AI Bias Concerns

Faculty Advisory Council On Teaching and Technology (FACT²); Lynn Aaron; Santina Abbate; Nicola Marae Allain; Bridget Almas; Brian Fallon; Dana Gavin; C. Barrett Gordon; Margarete Jadamec; Adele Merlino; Laura Pierie; Gina Solano; David Wolf

AI Bias Concerns

These applications necessitate that we consider how a variety of unsurfaced biases: -– language bias, culture bias, implicit bias -– can potentially affect the AI outputs we may obtain and utilize within these various departments (Ayling & Chapman, 2021; Hutson et al., 2022; Nguyen et al., 2023; Ungerer & Slade, 2022). Consequently, some of the previously mentioned concerns around data privacy and security, consent, accessibility, and labor and economy will be reflected in the microcosm of higher education (Irfan et al., 2023; Nguyen et al., 2023; Ungerer & Slade, 2022).

Algorithmic Bias

Algorithmic bias, sometimes referred to as machine learning bias or AI bias, describes when an algorithm systematically produces results demonstrating prejudice due to erroneous assumptions during the machine learning process. In general, there are two factors for the unfair outcomes: pre-existing bias that affects the machine/algorithms architectural design and bias resulting from the decisions relating to the training data, such as the way it is collected or coded for the training. While a program or machine may give the illusion of impartiality, in fact, the social and historical context surrounding the algorithm’s design and decisions about the data used to train the algorithm have a direct result, either engineered or not, that may run contrary to our values on fairness.

Architecture Bias

While technically not a bias from machine learning, pre-existing bias can result in dissimilatory results that no amount of training data will correct. Design decisions that are influenced by pre-existing social biases implicitly create results unintended by the designers. For example, the TSA has been using full body scanners for over 15 years. The first scanners were designed with the strict, inflexible binary assumption about genders. The machines required an agent to select the gender before the scanning algorithm began (Hope, 2019). After the selection, training data would perfect detection of questionably dangerous objects on the subject. Regardless of the training data, the assumption about gender occurred from the first stage of development, and a machine that targeted the transgender population was the result. It was not until 2022 that the TSA began replacing these with gender-neutral scanners (Nyczepir, 2022). However, the algorithm’s design was such that it ensured a biased result, and then poorly selected data input data was curated and used to confirm the bias in the design. Simply, the machines were designed with the assumption that there were only two distinct genders and training data ensured the machine would identify these. These biases may have been unintentional; however, the results were real.

Machine-Learning Bias

There are various ways machine-learning bias occurs due to the (mis)handling of data. Biases can manifest in various ways, but commonly reflect the data being used for training. Common to many forms of algorithmic bias are:

The training data employs under-representative groups to be generalized as representative data
Pre-existing prejudices are “pre-baked”’ into the training data
Interpretation bias from humans evaluating the output

An algorithm is only as good as it is designed, trained, and interpreted. Without careful controls, it can produce several undesirable results. A few types of machine learning bias include:

Association bias
Emergent bias (including feedback loops)
Exclusion bias
Language bias
Marginalized bias (including; race bias, gender bias, sex bias, sexual orientation bias, disability bias, political affiliation bias, cultural bias, and colorism)
Measurement bias
Recall bias
Sample bias

See Appendix B for more detail on the specific biases above.

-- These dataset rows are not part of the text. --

(* In the strategic matching-queue model of the context, under the ACR policy it is a dominant strategy for a specialized agent of type $i\in\mathcal{L}\setminus\{0\}$ to join queue $i$; i.e. in equilibrium $\sigma^{\mathrm{ACR}}_{ii}=1$ for all $i\in\mathcal{L}\setminus\{0\}$.
   Context: Types $\mathcal{L}=\{0,\dots,\ell\}$; agents of type $i$ arrive Poisson at rate $\lambda_i>0$, jobs of type $j$ Poisson at rate $\mu_j>0$, independently; type $0$ agents can fulfill all jobs, type $i\ge1$ (specialized) agents only type $i$ jobs; unmatched jobs are lost; waiting agents abandon at exponential rate $\theta>0$. Agent types are private. The ACR policy offers queues $\{0,1,\dots,\ell\}$; a type $0$ job is offered only to queue $0$, a type $j\ge1$ job first to queue $j$ and then to queue $0$; within a queue the job is offered to uniformly random agents (without replacement), each accepting iff compatible (rejection takes no time). Each arriving type $i$ agent joins queue $q$ with probability $\sigma_{iq}$ and never switches; agents choose queues to minimize expected steady-state waiting time until match. Joining queue $i$ being a dominant strategy means that for every profile of the other agents, the expected waiting time of a type $i$ agent in queue $i$ is no larger than in any other queue. *)

theory Defs
  imports "HOL-Probability.Probability"
begin

text \<open>
  Types and queues are 0..l.  A (system) state records, for every queue r and
  agent type k, the number  n r k  of waiting agents of type k in queue r.
  The lambda/mu/theta parameters and the profile sigma (sigma k r = probability
  that an arriving type k agent joins queue r) determine a continuous-time
  Markov chain.  A tagged agent of type i in queue q is modelled by an extra
  agent added to the population; its expected sojourn time (time until it is
  matched or abandons) is the minimal nonnegative solution of the standard
  expected-hitting-time equations (least fixed point in ennreal).
\<close>

type_synonym state = "nat \<Rightarrow> nat \<Rightarrow> nat"

definition incr :: "state \<Rightarrow> nat \<Rightarrow> nat \<Rightarrow> state" where
  "incr n r k = n(r := (n r)(k := n r k + 1))"

definition decr :: "state \<Rightarrow> nat \<Rightarrow> nat \<Rightarrow> state" where
  "decr n r k = n(r := (n r)(k := n r k - 1))"

definition valid_state :: "nat \<Rightarrow> state \<Rightarrow> bool" where
  "valid_state l n \<longleftrightarrow> (\<forall>r k. (l < r \<or> l < k) \<longrightarrow> n r k = 0)"

text \<open>agent type k can fulfil job type j\<close>
definition compat :: "nat \<Rightarrow> nat \<Rightarrow> bool" where
  "compat k j \<longleftrightarrow> k = 0 \<or> k = j"

definition compat_count :: "nat \<Rightarrow> state \<Rightarrow> nat \<Rightarrow> nat \<Rightarrow> nat" where
  "compat_count l m r j = (\<Sum>k\<le>l. if compat k j then m r k else 0)"

text \<open>ACR routing: the queue in which a type j job is matched (if any)\<close>
definition route :: "nat \<Rightarrow> state \<Rightarrow> nat \<Rightarrow> nat option" where
  "route l m j =
     (if j = 0 then (if 0 < compat_count l m 0 0 then Some 0 else None)
      else if 0 < compat_count l m j j then Some j
      else if 0 < compat_count l m 0 j then Some 0
      else None)"

text \<open>population including the (optional) tagged agent (queue q, type i)\<close>
definition with_tagged :: "state \<Rightarrow> (nat \<times> nat) option \<Rightarrow> state" where
  "with_tagged n t = (case t of None \<Rightarrow> n | Some (q, i) \<Rightarrow> incr n q i)"

text \<open>transition rate from n to n' of the non-tagged agents, given the optional tagged agent t.
  Within the matching queue the job is accepted by a uniformly random compatible agent.\<close>
definition rate :: "nat \<Rightarrow> (nat \<Rightarrow> real) \<Rightarrow> (nat \<Rightarrow> real) \<Rightarrow> real \<Rightarrow> (nat \<Rightarrow> nat \<Rightarrow> real)
                    \<Rightarrow> (nat \<times> nat) option \<Rightarrow> state \<Rightarrow> state \<Rightarrow> real" where
  "rate l lam mu \<theta> \<sigma> t n n' =
     (\<Sum>k\<le>l. \<Sum>r\<le>l. if n' = incr n r k then lam k * \<sigma> k r else 0)
   + (\<Sum>r\<le>l. \<Sum>k\<le>l. if 0 < n r k \<and> n' = decr n r k then \<theta> * real (n r k) else 0)
   + (\<Sum>j\<le>l. case route l (with_tagged n t) j of
          None \<Rightarrow> 0
        | Some r \<Rightarrow> (\<Sum>k\<le>l. if compat k j \<and> 0 < n r k \<and> n' = decr n r k
                         then mu j * real (n r k) / real (compat_count l (with_tagged n t) r j)
                         else 0))"

text \<open>rate at which a tagged agent of type i in queue q leaves (abandonment or match)\<close>
definition exit_rate :: "nat \<Rightarrow> (nat \<Rightarrow> real) \<Rightarrow> real \<Rightarrow> nat \<Rightarrow> nat \<Rightarrow> state \<Rightarrow> real" where
  "exit_rate l mu \<theta> i q n =
     \<theta> + (\<Sum>j\<le>l. if route l (incr n q i) j = Some q \<and> compat i j
                 then mu j / real (compat_count l (incr n q i) q j) else 0)"

text \<open>expected remaining sojourn time of a tagged type i agent in queue q when the other
  agents are in state n: minimal nonnegative solution of
  h n = (1 + sum_n' Q(n,n') h n') / (exit rate + sum_n' Q(n,n')).\<close>
definition sojourn :: "nat \<Rightarrow> (nat \<Rightarrow> real) \<Rightarrow> (nat \<Rightarrow> real) \<Rightarrow> real \<Rightarrow> (nat \<Rightarrow> nat \<Rightarrow> real)
                       \<Rightarrow> nat \<Rightarrow> nat \<Rightarrow> state \<Rightarrow> ennreal" where
  "sojourn l lam mu \<theta> \<sigma> i q =
     lfp (\<lambda>h n. (1 + (\<Sum>\<^sub>\<infinity>n'. ennreal (rate l lam mu \<theta> \<sigma> (Some (q, i)) n n') * h n'))
              / (ennreal (exit_rate l mu \<theta> i q n)
                 + (\<Sum>\<^sub>\<infinity>n'. ennreal (rate l lam mu \<theta> \<sigma> (Some (q, i)) n n'))))"

definition stationary :: "nat \<Rightarrow> (nat \<Rightarrow> real) \<Rightarrow> (nat \<Rightarrow> real) \<Rightarrow> real \<Rightarrow> (nat \<Rightarrow> nat \<Rightarrow> real)
                          \<Rightarrow> state pmf \<Rightarrow> bool" where
  "stationary l lam mu \<theta> \<sigma> \<pi> \<longleftrightarrow>
     set_pmf \<pi> \<subseteq> {n. valid_state l n} \<and>
     (\<forall>n. ennreal (pmf \<pi> n) * (\<Sum>\<^sub>\<infinity>n'. ennreal (rate l lam mu \<theta> \<sigma> None n n'))
          = (\<Sum>\<^sub>\<infinity>n'. ennreal (pmf \<pi> n') * ennreal (rate l lam mu \<theta> \<sigma> None n' n)))"

text \<open>expected steady-state waiting time of a type i agent joining queue q
  (arrivals see the stationary distribution)\<close>
definition expected_wait :: "nat \<Rightarrow> (nat \<Rightarrow> real) \<Rightarrow> (nat \<Rightarrow> real) \<Rightarrow> real \<Rightarrow> (nat \<Rightarrow> nat \<Rightarrow> real)
                             \<Rightarrow> state pmf \<Rightarrow> nat \<Rightarrow> nat \<Rightarrow> ennreal" where
  "expected_wait l lam mu \<theta> \<sigma> \<pi> i q =
     (\<Sum>\<^sub>\<infinity>n. ennreal (pmf \<pi> n) * sojourn l lam mu \<theta> \<sigma> i q n)"

definition profile :: "nat \<Rightarrow> (nat \<Rightarrow> nat \<Rightarrow> real) \<Rightarrow> bool" where
  "profile l \<sigma> \<longleftrightarrow> (\<forall>k\<le>l. \<forall>r\<le>l. 0 \<le> \<sigma> k r) \<and> (\<forall>k\<le>l. (\<Sum>r\<le>l. \<sigma> k r) = 1)"

end

theory Submission
  imports Defs
begin

(* Let c be the number of agents other than a tagged type-i agent that wait in queue i and can
   serve type-i jobs. Under ACR, the system seen through c moves like a birth-death chain,
   wherever the tagged agent waits. Benchmark: an agent of lowest priority in queue i, served
   (at rate mu_i) only when c = 0; let g(c) be its expected sojourn. An agent in queue i is
   served in uniformly random order, so g is a supersolution of its sojourn equations; an agent
   in another queue can only be served from queue 0 when c = 0, at rate at most mu_i, so g is a
   subsolution of its equations. The sojourn time is the minimal solution, hence at most g(c) in
   queue i; it is at least the bounded subsolution g(c) in any other queue because jump rates
   grow at most linearly in the population while abandonment kills the chain at rate theta.
   Both comparisons hold in every state, hence also on average. *)

section \<open>Killed Markov chains\<close>

text \<open>Bound on the probability that a killed chain started with population \<open>s\<close> makes \<open>k\<close> jumps:
  a jump precedes killing with probability \<open>R / (e + R) \<le> (A + \<theta> s) / (A + \<theta> (s + 1))\<close> when
  \<open>R \<le> A + \<theta> s\<close> and \<open>\<theta> \<le> e\<close>, and the population grows by at most one per jump, so the
  product telescopes.\<close>
definition survival_bound :: "real \<Rightarrow> real \<Rightarrow> nat \<Rightarrow> nat \<Rightarrow> real" where
  "survival_bound A \<theta> k s = (A + \<theta> * real s) / (A + \<theta> * (real s + real k))"

context
  fixes A \<theta> :: real
  assumes A_pos: "0 < A" and \<theta>_pos: "0 < \<theta>"
begin

lemma survival_bound_nonneg: "0 \<le> survival_bound A \<theta> k s"
  unfolding survival_bound_def using A_pos \<theta>_pos by simp

lemma survival_denominator_pos: "0 \<le> x \<Longrightarrow> 0 < A + \<theta> * x"
  using A_pos \<theta>_pos by (simp add: add_pos_nonneg)

lemma survival_bound_0: "survival_bound A \<theta> 0 s = 1"
  unfolding survival_bound_def using survival_denominator_pos[of "real s"] by simp

lemma survival_bound_mono:
  assumes "s \<le> s'"
  shows "survival_bound A \<theta> k s \<le> survival_bound A \<theta> k s'"
proof -
  have "(A + \<theta> * real s) * (A + \<theta> * (real s' + real k)) \<le> (A + \<theta> * real s') * (A + \<theta> * (real s + real k))"
  proof -
    have "\<theta> * real s * (\<theta> * real k) \<le> \<theta> * real s' * (\<theta> * real k)"
      using assms \<theta>_pos by (intro mult_right_mono mult_left_mono) auto
    moreover have "A * (\<theta> * real s) \<le> A * (\<theta> * real s')"
      using assms \<theta>_pos A_pos by (intro mult_left_mono) auto
    ultimately show ?thesis by (simp add: algebra_simps)
  qed
  moreover have "0 < A + \<theta> * (real s + real k)" "0 < A + \<theta> * (real s' + real k)"
    by (simp_all add: survival_denominator_pos)
  ultimately show ?thesis unfolding survival_bound_def by (simp add: divide_simps)
qed

lemma survival_bound_Suc:
  assumes "0 \<le> R" "R \<le> A + \<theta> * real s" "\<theta> \<le> e"
  shows "R / (e + R) * survival_bound A \<theta> k (Suc s) \<le> survival_bound A \<theta> (Suc k) s"
proof -
  have pos: "0 < A + \<theta> * real s" by (simp add: survival_denominator_pos)
  have "R * \<theta> \<le> (A + \<theta> * real s) * e"
    using mult_mono[OF assms(2,3)] assms(1) \<theta>_pos pos by (simp add: mult.commute)
  then have "R * (A + \<theta> * (real s + 1)) \<le> (A + \<theta> * real s) * (e + R)"
    by (simp add: algebra_simps)
  then have "R / (e + R) \<le> (A + \<theta> * real s) / (A + \<theta> * (real s + 1))"
    using assms A_pos \<theta>_pos pos by (simp add: divide_simps add_pos_nonneg)
  then have "R / (e + R) * survival_bound A \<theta> k (Suc s)
      \<le> (A + \<theta> * real s) / (A + \<theta> * (real s + 1)) * survival_bound A \<theta> k (Suc s)"
    using survival_bound_nonneg by (rule mult_right_mono)
  also have "\<dots> = survival_bound A \<theta> (Suc k) s"
  proof -
    have "A + \<theta> * (real s + 1) \<noteq> 0" using survival_denominator_pos[of "real s + 1"] by simp
    moreover have "real (Suc s) + real k = real s + real (Suc k)" by simp
    ultimately show ?thesis unfolding survival_bound_def by (simp add: add.commute)
  qed
  finally show ?thesis .
qed

lemma survival_bound_small:
  assumes "0 < \<epsilon>"
  obtains k where "survival_bound A \<theta> k s \<le> \<epsilon>"
proof
  define k where "k = nat \<lceil>(A + \<theta> * real s) / (\<theta> * \<epsilon>)\<rceil>"
  have "(A + \<theta> * real s) / (\<theta> * \<epsilon>) \<le> real k" unfolding k_def by linarith
  then have "A + \<theta> * real s \<le> \<theta> * \<epsilon> * real k"
    using \<theta>_pos assms by (simp add: divide_le_eq mult.commute)
  also have "\<dots> \<le> \<epsilon> * (A + \<theta> * (real s + real k))"
    using A_pos \<theta>_pos assms by (simp add: algebra_simps)
  finally show "survival_bound A \<theta> k s \<le> \<epsilon>"
    unfolding survival_bound_def using A_pos \<theta>_pos
    by (simp add: divide_simps add_pos_nonneg mult.commute)
qed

While the number and variations of algorithmic bias seems vast, it does illustrate that the complexity of deep learning systems is not trivial and may exceed the ability of the people using them (Seaver, 2013). Knowing these biases occur is the first step in resolving the issue. Clearly there needs to be more scrutiny in data collection and its applications. Likewise, it demonstrates that context to data plays an important part in understanding the data. Finding spurious correlations may be entertaining, however their applications may result in direct discrimination (Goodman and Flaxman, 2017). In just a few years, AI systems have been deployed at a mass level and display algorithmic bias with devastating effects in areas such as hiring, healthcare, and banking. For detailed examples, see Appendix B.

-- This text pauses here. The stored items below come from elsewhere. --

(* $F_v(K_{1,1,2},K_{1,2,2};4)\le 26$; that is, there exists a $K_4$-free graph $H$ on 26 vertices such that for every partition $V(H)=R\cup B$, the subgraph induced by $R$ contains $K_{1,1,2}$ or the subgraph induced by $B$ contains $K_{1,2,2}$.
   Context: All graphs are finite and simple. $K_{p,q,s}$ is the complete tripartite graph with parts of sizes $p,q,s$ (so $K_{1,1,2}$ is $K_4$ minus an edge). "Contains" means has a (not necessarily induced) subgraph isomorphic to. $F_v(H_1,H_2;k)$ is the minimum number of vertices of a $K_k$-free graph $G$ such that for every partition $V(G)=X_1\cup X_2$ there is $i$ with the subgraph induced by $X_i$ containing $H_i$. *)

theory Defs
  imports Main
begin

definition simple_graph :: "'a set \<Rightarrow> ('a \<Rightarrow> 'a \<Rightarrow> bool) \<Rightarrow> bool" where
  "simple_graph V E \<longleftrightarrow> finite V \<and> (\<forall>u v. E u v \<longrightarrow> E v u) \<and> (\<forall>v. \<not> E v v)
     \<and> (\<forall>u v. E u v \<longrightarrow> u \<in> V \<and> v \<in> V)"

definition contains_on :: "('a \<Rightarrow> 'a \<Rightarrow> bool) \<Rightarrow> 'a set \<Rightarrow> 'b set \<Rightarrow> ('b \<Rightarrow> 'b \<Rightarrow> bool) \<Rightarrow> bool" where
  "contains_on E S HV HE \<longleftrightarrow>
     (\<exists>f. inj_on f HV \<and> f ` HV \<subseteq> S \<and> (\<forall>u\<in>HV. \<forall>v\<in>HV. HE u v \<longrightarrow> E (f u) (f v)))"

definition complete_V :: "nat \<Rightarrow> nat set" where
  "complete_V k = {0..<k}"
definition complete_E :: "nat \<Rightarrow> nat \<Rightarrow> bool" where
  "complete_E u v \<longleftrightarrow> u \<noteq> v"
(* Let $\mathbf{F}$ be a field of characteristic $2$, $m\ge1$, and let $A\in\{0,1\}^m$ with $|A|\ge 3$. Then $$\sum_{0<L<A} x^{A-L}\,\mathrm{Tr}(L)\in\ker(\pi).$$ Moreover, let $i=\ell(A)$ and $j=\ell(A')$. Then for every $L$ with $0<L<A$, $$\mathrm{LT}\big(\pi(x^{A-L}\mathrm{Tr}(L))\big)\le x_i x_j\, y^{(A')'}$$ (in the graded reverse lexicographic order with $y_1>x_1>y_2>x_2>\cdots>y_m>x_m$), with equality if and only if $A-L=\Delta_i$ or $A-L=\Delta_j$.
   Context: Let $S=\mathbf{F}[x_1,y_1,\dots,x_m,y_m]$ with the $\mathbf{F}$-algebra automorphism $\sigma(x_i)=x_i$, $\sigma(y_i)=y_i+x_i$ of order 2, and let $S^{C_2}$ be the ring of $\sigma$-invariants. For $A=(a_1,\dots,a_m)\in\mathbb{N}^m$ write $x^A=\prod_s x_s^{a_s}$, $y^A=\prod_s y_s^{a_s}$, $N^A=\prod_s N_s^{a_s}$ where $N_s=y_s^2+x_sy_s$, and $|A|=\sum_s a_s$. $A\le B$ means componentwise $\le$; $L<A$ means $L\le A$, $L\ne A$. $\Delta_s$ is the sequence with $1$ in position $s$ and $0$ elsewhere. For $A\in\{0,1\}^m$, $\mathrm{tr}(A)=y^A+\prod_s(y_s+x_s)^{a_s}\in S^{C_2}$. For $A\ne0$, $\ell(A)=\min\{\ell:a_\ell=1\}$ and $A'$ is $A$ with the entry at position $\ell(A)$ set to $0$. Let $R=\mathbf{F}[x_1,\dots,x_m,N_1,\dots,N_m]$ be a polynomial ring in $2m$ indeterminates and $Q=R[\mathrm{Tr}(A): A\in\{0,1\}^m, |A|\ge2]$ a polynomial ring over $R$ in the indeterminates $\mathrm{Tr}(A)$. Let $\pi:Q\to S^{C_2}$ be the $\mathbf{F}$-algebra homomorphism with $\pi(x_i)=x_i$, $\pi(N_i)=y_i^2+x_iy_i$, $\pi(\mathrm{Tr}(A))=\mathrm{tr}(A)$. Convention: for $C\in\{0,1\}^m$ with $|C|\le 1$, $\mathrm{Tr}(C)$ denotes the element of $Q$ given by $\mathrm{Tr}(0)=0$ and $\mathrm{Tr}(\Delta_s)=x_s$ (so that $\pi(\mathrm{Tr}(C))=\mathrm{tr}(C)$ for all $C\in\{0,1\}^m$). $\mathrm{LT}$ denotes the lead term. *)

theory Defs
  imports Main "HOL-Library.Poly_Mapping"
begin

text \<open>A polynomial over a coefficient ring 'a in variables of type 'v is an element of
  the type of finitely supported maps from monomials to coefficients (monomial = exponent vector, mapped to its coefficient);
  ring operations are those of HOL-Library.Poly_Mapping (convolution product).\<close>

type_synonym ('v, 'a) mpoly = "('v \<Rightarrow>\<^sub>0 nat) \<Rightarrow>\<^sub>0 'a"

definition Var :: "'v \<Rightarrow> ('v, 'a::comm_semiring_1) mpoly" where
  "Var v = Poly_Mapping.single (Poly_Mapping.single v 1) 1"

definition Const :: "'a::comm_semiring_1 \<Rightarrow> ('v, 'a) mpoly" where
  "Const c = Poly_Mapping.single 0 c"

Given the plethora of instances of algorithmic bias in AI, the decisions seem to be less a factor of intelligence and mostly just reflecting the bias that exists in our own world (Shah, 2018). Any of these cases would be considered a crime if a person came to the same decisions, given each unfairly targets legally protected groups. A problem occurs when this behavior arises from AI in that the algorithm is not a person, and frequently people will excuse the harm without accepting the seriousness of the damage. It is this phenomenon that makes AI bias particularly dangerous.

While artificial intelligence suggests that machines can mimic human intelligence, it is clear that these machines can also mimic undesirable biases as well. This is painfully clear with several generative AI systems. Simply observing image generation algorithms reveals a severe bias. Using Midjourney, Dall-E 2, and Stable Diffusion (three available AI image generation algorithms) yielded an insultingly stereotypical set of images. Out of thousands of images produced, a few cases illustrating algorithmic bias include:

“An Indian person” would almost always produce an old man with a beard.
“A Mexican person” was usually a man with a sombrero.
“New Delhi streets” were polluted and littered in most every image (Turk, 2023)

Moreover, when countries are not specified in prompts, DALL-E 2 and Stable Diffusion generally use the United States or Canada as a default (Basu, Babu, and Pruthi, 2023).

Images for “An Indian Person” created by Midjourney

Above: out of 100 images created by Midjourney for “An Indian Person”, most all were of an older bearded man wearing a headscarf or turban. India has over 1 billion people with approximately 80% being Hindu and only less than 2% Sikhs (that wear turbans). This set of outputs is not representative of the various groups of people from India. AI images from search by Turk, 2023.

Fixing the bias in AI generators will be a non-trivial problem. Part of what the algorithm (neural networks) do is identify patterns from data that they are trained on and frequently discard outputs that are not consistent with current trending outputs. This simply creates a feedback loop that reinforces the stereotype the algorithm identifies. Even when trying to avoid stereotyping by using more detailed prompts, does not correct the bias (Bianchi, 2023). For example, Stable Diffusion produced several image outputs of black persons when given the prompt “a poor white person”. To make this problem worse, attempts to increase diversity to Google’s image tool, Gemini AI, resulted in depicting a 1943 German soldier as either a black man or an Asian woman (Robertson, 2024). Google apologized for this, turned off Gemini’s ability to generate images, and has yet to have solved the issue (Gilliard, 2024).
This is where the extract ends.